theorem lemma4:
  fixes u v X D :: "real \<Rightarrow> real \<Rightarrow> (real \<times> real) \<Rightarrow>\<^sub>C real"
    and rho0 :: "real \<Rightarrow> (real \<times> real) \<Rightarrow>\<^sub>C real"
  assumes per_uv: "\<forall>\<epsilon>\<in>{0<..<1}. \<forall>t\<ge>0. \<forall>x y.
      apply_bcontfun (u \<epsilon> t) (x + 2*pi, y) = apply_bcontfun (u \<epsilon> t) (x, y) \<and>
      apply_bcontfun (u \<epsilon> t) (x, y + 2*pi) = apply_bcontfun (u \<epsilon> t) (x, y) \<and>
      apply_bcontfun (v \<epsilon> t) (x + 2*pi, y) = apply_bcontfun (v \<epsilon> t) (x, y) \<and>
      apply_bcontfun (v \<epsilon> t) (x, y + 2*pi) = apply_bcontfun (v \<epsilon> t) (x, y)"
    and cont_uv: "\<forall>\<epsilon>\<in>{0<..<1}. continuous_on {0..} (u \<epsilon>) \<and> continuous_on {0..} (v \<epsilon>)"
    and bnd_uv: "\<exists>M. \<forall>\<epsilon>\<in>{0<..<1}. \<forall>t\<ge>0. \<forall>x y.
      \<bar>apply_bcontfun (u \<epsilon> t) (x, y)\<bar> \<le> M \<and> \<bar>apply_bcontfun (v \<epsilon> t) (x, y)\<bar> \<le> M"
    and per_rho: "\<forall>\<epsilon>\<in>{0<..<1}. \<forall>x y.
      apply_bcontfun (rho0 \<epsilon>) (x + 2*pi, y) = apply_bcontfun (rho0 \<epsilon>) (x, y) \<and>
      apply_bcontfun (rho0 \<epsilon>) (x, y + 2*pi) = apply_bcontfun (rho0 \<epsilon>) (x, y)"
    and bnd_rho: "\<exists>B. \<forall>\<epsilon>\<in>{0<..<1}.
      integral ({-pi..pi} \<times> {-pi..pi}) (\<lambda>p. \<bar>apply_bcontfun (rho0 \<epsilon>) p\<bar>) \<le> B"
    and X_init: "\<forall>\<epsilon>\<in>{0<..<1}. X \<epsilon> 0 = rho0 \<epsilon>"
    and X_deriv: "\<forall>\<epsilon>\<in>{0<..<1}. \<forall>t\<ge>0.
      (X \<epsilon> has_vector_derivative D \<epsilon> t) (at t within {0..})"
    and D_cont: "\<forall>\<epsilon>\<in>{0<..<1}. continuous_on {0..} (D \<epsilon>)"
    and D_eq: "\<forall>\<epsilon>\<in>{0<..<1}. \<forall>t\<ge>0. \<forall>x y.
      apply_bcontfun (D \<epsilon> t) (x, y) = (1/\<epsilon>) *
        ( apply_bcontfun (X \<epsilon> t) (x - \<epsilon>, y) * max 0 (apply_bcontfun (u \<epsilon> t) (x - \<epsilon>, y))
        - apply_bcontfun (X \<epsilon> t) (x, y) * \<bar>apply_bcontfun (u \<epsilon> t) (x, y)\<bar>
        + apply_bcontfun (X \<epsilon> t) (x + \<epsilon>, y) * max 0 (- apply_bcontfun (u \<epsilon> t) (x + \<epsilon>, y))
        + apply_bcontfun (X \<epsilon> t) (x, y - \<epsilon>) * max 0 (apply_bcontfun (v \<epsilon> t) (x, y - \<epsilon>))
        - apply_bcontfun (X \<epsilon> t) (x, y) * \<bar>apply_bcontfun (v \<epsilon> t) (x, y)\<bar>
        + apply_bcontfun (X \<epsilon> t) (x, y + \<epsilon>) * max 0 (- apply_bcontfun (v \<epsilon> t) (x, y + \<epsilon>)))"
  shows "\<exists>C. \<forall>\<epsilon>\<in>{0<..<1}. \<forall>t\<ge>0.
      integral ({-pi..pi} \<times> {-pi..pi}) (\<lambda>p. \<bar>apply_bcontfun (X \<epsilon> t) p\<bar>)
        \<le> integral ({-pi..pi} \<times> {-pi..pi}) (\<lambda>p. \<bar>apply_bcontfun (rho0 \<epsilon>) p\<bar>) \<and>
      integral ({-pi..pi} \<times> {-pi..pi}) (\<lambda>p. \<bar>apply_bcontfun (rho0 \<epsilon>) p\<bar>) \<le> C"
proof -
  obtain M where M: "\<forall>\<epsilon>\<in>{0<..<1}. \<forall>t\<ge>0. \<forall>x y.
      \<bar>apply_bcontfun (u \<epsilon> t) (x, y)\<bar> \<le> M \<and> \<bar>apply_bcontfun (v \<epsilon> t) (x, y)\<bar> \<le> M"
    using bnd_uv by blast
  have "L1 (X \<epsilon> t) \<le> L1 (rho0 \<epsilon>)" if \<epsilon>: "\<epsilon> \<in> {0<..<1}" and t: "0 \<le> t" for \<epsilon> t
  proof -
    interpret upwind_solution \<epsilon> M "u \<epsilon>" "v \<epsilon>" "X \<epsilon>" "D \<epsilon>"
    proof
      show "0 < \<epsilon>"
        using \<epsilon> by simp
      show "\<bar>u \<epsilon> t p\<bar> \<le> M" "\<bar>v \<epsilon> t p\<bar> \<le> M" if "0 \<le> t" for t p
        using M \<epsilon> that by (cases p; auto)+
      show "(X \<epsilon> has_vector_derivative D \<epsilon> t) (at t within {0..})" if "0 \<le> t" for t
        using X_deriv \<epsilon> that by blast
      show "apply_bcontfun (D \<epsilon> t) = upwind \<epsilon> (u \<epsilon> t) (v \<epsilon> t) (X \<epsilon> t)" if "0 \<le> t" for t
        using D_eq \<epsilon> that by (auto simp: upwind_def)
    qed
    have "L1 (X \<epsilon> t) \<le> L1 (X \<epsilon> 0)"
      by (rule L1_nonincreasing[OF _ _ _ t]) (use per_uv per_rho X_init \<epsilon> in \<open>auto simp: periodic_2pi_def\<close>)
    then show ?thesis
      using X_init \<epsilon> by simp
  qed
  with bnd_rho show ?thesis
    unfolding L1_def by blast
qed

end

————

● **Assigned task**
Please give the number of lines in the entries above that hold "real", with no other words.

● **Reply**
2